▸ **MATERIAL TO PROCESS**:
▽

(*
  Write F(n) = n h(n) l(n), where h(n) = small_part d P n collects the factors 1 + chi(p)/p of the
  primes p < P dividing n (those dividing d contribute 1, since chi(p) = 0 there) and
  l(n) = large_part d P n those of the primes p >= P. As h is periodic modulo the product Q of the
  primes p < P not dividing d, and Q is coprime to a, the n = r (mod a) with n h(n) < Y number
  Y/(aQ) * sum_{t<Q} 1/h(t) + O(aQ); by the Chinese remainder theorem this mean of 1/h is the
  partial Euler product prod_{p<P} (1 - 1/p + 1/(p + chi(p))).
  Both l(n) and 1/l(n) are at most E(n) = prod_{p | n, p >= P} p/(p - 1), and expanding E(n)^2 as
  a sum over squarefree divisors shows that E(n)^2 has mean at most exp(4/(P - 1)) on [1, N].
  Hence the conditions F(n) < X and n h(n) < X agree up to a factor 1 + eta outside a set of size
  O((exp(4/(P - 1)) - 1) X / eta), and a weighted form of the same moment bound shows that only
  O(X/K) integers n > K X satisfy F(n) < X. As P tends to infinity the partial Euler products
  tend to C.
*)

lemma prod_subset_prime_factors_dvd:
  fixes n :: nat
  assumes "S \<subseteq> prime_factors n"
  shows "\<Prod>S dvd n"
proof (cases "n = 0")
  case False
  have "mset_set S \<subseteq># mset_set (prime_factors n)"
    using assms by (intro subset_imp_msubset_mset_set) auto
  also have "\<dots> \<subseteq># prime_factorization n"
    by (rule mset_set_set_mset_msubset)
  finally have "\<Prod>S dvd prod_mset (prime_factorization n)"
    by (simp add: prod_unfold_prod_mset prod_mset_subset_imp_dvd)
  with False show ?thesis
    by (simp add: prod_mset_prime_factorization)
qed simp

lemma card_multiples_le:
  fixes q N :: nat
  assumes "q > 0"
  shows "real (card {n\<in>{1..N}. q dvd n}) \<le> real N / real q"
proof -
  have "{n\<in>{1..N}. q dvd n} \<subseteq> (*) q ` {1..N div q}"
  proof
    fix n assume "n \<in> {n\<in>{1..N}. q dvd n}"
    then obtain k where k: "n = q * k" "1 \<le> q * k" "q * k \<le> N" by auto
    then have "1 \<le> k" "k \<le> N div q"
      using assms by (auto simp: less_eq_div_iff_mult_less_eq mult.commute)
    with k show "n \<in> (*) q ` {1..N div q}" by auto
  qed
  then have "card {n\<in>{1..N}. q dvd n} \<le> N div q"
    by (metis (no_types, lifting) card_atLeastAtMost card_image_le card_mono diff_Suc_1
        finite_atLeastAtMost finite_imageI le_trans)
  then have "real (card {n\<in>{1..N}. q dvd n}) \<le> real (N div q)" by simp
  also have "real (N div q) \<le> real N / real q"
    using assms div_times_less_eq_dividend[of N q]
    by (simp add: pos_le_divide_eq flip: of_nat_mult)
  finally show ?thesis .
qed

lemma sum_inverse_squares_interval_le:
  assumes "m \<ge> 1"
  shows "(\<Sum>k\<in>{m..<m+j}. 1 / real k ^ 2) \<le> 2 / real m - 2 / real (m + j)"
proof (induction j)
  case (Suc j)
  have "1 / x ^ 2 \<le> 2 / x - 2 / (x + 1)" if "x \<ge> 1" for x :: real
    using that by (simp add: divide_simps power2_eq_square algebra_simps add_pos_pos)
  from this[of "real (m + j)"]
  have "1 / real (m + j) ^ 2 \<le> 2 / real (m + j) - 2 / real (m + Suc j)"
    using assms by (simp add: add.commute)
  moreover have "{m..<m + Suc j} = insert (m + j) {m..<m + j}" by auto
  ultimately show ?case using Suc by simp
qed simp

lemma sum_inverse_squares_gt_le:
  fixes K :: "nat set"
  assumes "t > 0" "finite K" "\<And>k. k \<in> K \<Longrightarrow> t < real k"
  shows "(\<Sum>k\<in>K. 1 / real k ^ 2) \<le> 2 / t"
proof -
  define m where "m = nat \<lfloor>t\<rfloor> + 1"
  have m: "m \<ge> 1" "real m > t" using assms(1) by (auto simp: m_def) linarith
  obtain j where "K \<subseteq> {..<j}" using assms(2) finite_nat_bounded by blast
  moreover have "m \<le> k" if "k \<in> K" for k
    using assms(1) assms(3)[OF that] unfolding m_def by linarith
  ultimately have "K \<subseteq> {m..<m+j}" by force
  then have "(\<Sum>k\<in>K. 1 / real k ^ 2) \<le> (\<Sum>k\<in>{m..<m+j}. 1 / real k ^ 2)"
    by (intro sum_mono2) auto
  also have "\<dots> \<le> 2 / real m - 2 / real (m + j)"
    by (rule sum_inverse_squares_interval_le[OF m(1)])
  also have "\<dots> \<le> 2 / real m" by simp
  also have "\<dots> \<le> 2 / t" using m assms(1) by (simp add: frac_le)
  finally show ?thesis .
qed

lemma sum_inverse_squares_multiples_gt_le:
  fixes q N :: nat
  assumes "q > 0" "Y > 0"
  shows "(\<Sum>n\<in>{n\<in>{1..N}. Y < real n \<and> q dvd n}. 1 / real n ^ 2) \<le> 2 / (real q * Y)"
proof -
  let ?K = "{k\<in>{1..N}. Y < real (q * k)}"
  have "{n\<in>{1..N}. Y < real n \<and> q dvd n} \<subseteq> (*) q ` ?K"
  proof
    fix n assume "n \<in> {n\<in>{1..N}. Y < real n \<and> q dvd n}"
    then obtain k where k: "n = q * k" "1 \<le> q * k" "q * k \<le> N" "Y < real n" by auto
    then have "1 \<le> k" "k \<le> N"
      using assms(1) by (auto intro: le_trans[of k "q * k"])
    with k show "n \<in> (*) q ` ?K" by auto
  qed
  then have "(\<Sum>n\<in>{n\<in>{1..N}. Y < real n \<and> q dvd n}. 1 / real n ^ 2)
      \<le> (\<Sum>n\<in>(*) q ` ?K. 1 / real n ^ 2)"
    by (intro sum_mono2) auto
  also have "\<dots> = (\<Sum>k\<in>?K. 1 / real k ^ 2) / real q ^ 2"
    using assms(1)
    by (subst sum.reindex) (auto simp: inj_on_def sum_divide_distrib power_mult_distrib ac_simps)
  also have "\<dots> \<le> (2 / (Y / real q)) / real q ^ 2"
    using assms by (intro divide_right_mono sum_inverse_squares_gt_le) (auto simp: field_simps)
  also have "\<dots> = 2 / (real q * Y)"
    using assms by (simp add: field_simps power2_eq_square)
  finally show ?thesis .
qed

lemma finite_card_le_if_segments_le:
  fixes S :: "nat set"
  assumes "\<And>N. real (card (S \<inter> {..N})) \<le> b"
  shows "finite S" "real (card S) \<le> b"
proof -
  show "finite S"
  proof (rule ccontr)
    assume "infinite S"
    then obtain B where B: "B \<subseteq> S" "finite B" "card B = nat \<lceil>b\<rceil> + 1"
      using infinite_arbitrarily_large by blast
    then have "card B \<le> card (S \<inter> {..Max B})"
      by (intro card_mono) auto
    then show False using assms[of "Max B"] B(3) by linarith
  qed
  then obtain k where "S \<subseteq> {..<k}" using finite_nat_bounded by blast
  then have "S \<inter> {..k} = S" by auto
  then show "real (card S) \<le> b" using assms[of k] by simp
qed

△

▸ **WHAT THE EXERCISE ASKS**: Within the data above, find the lines that contain the word "shows" and copy each of them.

▸ **OUTPUT**:
  a sum over squarefree divisors shows that E(n)^2 has mean at most exp(4/(P - 1)) on [1, N].
  O((exp(4/(P - 1)) - 1) X / eta), and a weighted form of the same moment bound shows that only
  shows "\<Prod>S dvd n"
  shows "real (card {n\<in>{1..N}. q dvd n}) \<le> real N / real q"
  shows "(\<Sum>k\<in>{m..<m+j}. 1 / real k ^ 2) \<le> 2 / real m - 2 / real (m + j)"
  shows "(\<Sum>k\<in>K. 1 / real k ^ 2) \<le> 2 / t"
  shows "(\<Sum>n\<in>{n\<in>{1..N}. Y < real n \<and> q dvd n}. 1 / real n ^ 2) \<le> 2 / (real q * Y)"
  shows "finite S" "real (card S) \<le> b"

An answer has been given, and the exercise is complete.